-- Opening Marker --
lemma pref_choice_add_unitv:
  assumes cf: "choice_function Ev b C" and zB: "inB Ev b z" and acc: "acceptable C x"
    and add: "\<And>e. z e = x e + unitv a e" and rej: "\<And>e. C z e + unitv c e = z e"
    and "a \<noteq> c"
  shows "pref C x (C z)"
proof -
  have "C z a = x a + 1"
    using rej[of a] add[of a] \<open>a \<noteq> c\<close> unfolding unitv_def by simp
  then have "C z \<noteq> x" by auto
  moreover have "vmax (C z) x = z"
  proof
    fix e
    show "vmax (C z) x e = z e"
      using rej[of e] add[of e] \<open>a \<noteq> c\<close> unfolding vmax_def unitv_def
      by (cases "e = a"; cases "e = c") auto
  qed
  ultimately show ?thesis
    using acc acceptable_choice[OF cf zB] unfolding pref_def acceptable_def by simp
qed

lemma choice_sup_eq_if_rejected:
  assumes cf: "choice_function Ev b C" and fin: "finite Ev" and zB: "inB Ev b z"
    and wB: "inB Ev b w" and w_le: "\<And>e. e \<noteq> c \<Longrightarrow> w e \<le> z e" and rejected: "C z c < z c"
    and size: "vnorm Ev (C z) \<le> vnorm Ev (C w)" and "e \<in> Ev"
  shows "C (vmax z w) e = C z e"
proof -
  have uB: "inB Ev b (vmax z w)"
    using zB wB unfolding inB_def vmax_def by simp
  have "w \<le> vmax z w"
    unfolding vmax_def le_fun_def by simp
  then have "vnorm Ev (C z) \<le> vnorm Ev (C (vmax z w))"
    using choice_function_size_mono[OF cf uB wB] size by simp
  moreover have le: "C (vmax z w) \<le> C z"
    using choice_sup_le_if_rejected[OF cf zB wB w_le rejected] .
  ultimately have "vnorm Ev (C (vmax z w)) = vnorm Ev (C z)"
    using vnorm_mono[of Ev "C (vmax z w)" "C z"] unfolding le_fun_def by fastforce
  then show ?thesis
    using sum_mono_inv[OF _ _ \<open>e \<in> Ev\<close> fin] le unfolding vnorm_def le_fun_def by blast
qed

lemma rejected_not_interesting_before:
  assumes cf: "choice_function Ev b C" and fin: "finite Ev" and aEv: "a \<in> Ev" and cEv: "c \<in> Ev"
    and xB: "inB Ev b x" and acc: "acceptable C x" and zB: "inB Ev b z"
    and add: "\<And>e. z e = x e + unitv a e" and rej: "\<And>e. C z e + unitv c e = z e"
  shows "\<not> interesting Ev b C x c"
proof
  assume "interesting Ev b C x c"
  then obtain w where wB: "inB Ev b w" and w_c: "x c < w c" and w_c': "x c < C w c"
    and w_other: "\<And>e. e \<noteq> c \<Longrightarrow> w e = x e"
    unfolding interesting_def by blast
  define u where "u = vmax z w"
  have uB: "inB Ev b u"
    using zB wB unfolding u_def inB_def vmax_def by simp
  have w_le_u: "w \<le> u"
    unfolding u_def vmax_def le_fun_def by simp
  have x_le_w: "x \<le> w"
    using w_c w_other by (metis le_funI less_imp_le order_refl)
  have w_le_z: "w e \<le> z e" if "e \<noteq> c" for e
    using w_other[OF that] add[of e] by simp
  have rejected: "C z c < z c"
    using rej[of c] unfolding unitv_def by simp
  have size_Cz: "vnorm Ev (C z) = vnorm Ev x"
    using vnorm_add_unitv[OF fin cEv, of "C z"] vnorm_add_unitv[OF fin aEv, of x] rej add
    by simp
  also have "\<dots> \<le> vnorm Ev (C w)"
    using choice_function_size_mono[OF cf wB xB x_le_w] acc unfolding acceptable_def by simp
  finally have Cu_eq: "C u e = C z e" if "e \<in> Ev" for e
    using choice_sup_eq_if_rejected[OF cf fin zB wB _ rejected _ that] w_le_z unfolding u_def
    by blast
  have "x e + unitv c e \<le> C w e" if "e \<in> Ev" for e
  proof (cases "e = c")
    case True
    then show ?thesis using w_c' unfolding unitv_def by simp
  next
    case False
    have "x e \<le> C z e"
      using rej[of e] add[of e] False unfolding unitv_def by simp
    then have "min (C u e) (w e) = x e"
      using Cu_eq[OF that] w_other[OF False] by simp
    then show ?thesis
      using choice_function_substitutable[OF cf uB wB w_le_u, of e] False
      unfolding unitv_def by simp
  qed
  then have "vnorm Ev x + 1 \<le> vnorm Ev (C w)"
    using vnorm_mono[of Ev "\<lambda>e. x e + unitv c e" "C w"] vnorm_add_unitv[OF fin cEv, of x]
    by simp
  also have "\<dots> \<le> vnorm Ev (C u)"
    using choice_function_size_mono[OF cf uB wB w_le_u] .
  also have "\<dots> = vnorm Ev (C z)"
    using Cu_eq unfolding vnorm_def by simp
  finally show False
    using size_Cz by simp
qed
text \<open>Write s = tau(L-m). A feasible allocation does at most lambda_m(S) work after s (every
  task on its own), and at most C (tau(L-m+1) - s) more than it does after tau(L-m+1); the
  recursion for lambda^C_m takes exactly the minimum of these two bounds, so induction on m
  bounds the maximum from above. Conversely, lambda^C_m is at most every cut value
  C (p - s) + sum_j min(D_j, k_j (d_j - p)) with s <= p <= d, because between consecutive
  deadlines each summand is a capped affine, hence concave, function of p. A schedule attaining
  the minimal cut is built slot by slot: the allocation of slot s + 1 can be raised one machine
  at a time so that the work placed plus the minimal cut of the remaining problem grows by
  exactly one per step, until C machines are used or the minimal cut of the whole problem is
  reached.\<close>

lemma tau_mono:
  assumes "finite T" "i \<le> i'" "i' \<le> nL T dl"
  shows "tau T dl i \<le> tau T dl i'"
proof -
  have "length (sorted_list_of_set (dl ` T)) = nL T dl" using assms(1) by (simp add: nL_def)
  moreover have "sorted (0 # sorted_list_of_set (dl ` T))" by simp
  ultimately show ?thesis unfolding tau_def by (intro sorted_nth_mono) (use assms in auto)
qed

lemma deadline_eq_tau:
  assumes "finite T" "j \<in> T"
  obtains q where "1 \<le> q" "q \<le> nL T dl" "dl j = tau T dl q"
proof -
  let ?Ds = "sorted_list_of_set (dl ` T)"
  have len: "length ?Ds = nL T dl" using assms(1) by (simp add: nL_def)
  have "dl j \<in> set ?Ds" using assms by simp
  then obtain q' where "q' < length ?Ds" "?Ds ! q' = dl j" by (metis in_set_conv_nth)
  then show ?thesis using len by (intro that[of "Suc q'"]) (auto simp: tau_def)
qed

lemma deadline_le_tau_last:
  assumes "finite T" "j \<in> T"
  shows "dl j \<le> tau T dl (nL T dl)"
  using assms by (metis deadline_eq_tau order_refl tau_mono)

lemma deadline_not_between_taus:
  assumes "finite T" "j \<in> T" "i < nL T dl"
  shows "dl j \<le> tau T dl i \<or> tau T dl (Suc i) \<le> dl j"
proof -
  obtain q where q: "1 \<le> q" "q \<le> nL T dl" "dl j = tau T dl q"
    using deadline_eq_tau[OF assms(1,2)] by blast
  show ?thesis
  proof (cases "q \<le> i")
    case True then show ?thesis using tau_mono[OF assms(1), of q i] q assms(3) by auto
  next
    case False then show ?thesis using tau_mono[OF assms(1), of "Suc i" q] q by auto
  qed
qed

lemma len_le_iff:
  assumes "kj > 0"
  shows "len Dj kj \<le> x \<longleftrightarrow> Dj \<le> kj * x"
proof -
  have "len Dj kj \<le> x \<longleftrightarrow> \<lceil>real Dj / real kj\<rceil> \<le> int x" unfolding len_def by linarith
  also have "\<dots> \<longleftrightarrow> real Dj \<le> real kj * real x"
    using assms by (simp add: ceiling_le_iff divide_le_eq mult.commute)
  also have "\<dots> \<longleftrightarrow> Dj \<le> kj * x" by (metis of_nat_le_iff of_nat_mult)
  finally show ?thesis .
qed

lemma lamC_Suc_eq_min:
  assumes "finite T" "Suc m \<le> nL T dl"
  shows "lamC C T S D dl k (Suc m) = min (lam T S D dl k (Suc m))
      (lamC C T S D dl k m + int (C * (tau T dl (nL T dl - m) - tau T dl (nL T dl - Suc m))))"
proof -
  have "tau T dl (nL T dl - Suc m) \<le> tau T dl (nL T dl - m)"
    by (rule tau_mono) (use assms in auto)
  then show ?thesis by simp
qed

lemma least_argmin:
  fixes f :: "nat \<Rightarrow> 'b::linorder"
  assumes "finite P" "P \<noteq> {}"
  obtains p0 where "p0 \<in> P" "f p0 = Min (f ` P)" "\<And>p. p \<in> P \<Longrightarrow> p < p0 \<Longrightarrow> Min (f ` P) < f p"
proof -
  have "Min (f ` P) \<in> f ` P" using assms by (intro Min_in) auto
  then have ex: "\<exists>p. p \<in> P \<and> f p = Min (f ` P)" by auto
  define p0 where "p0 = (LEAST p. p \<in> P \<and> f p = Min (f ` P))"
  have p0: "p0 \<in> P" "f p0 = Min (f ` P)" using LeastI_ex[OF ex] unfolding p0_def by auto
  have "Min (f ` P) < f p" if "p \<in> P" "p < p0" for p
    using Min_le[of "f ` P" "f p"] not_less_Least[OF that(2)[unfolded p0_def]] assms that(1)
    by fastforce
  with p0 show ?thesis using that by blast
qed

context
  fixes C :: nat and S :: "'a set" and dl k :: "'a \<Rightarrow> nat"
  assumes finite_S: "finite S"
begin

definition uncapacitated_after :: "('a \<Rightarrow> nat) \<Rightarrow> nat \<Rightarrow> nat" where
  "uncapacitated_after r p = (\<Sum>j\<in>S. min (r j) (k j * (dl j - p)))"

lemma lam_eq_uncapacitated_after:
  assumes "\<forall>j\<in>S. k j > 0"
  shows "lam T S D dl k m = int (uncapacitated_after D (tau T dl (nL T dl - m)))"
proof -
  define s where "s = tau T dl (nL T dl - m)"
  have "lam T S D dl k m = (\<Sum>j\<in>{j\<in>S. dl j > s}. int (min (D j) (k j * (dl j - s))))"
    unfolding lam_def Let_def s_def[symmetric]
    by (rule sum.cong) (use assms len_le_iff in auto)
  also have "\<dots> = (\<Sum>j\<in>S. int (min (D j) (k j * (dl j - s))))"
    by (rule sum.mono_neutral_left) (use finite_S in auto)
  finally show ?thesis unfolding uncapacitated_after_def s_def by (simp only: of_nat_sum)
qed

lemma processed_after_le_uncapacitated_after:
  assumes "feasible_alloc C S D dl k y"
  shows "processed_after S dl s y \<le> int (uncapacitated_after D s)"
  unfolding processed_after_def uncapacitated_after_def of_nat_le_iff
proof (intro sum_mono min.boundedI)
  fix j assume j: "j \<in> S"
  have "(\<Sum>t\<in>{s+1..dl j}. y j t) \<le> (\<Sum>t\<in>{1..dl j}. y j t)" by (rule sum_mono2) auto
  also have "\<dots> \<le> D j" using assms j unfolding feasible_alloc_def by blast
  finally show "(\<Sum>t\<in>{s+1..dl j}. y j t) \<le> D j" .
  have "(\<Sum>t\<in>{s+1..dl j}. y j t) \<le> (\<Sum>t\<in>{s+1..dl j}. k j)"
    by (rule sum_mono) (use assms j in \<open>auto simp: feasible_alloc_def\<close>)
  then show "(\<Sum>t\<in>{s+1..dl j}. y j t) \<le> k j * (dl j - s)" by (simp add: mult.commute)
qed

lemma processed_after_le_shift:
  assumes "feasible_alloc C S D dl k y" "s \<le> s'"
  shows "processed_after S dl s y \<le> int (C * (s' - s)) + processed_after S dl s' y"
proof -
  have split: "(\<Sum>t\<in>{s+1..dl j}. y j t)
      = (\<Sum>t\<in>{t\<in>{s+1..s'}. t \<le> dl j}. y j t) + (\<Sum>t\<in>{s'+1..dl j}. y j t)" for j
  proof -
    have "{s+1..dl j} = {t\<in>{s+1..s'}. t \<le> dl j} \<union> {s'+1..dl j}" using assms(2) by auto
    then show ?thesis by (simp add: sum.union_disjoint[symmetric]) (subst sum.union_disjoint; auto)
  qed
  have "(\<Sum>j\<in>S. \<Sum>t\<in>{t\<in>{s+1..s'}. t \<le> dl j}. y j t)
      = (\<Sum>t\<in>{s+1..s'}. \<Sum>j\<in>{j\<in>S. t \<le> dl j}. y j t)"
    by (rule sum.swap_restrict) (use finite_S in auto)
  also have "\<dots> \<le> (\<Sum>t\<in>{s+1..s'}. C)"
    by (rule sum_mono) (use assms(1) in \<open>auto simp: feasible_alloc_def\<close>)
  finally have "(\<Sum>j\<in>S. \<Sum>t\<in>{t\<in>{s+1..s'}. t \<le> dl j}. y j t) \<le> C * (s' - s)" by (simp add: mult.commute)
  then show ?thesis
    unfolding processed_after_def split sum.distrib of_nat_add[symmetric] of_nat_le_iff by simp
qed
-- Closing Marker --
> [WHAT YOU WILL DO]: A single number is the whole answer: how many lines in the listing contain "exactly"?

> [RESPONSE TO THIS TASK]: 2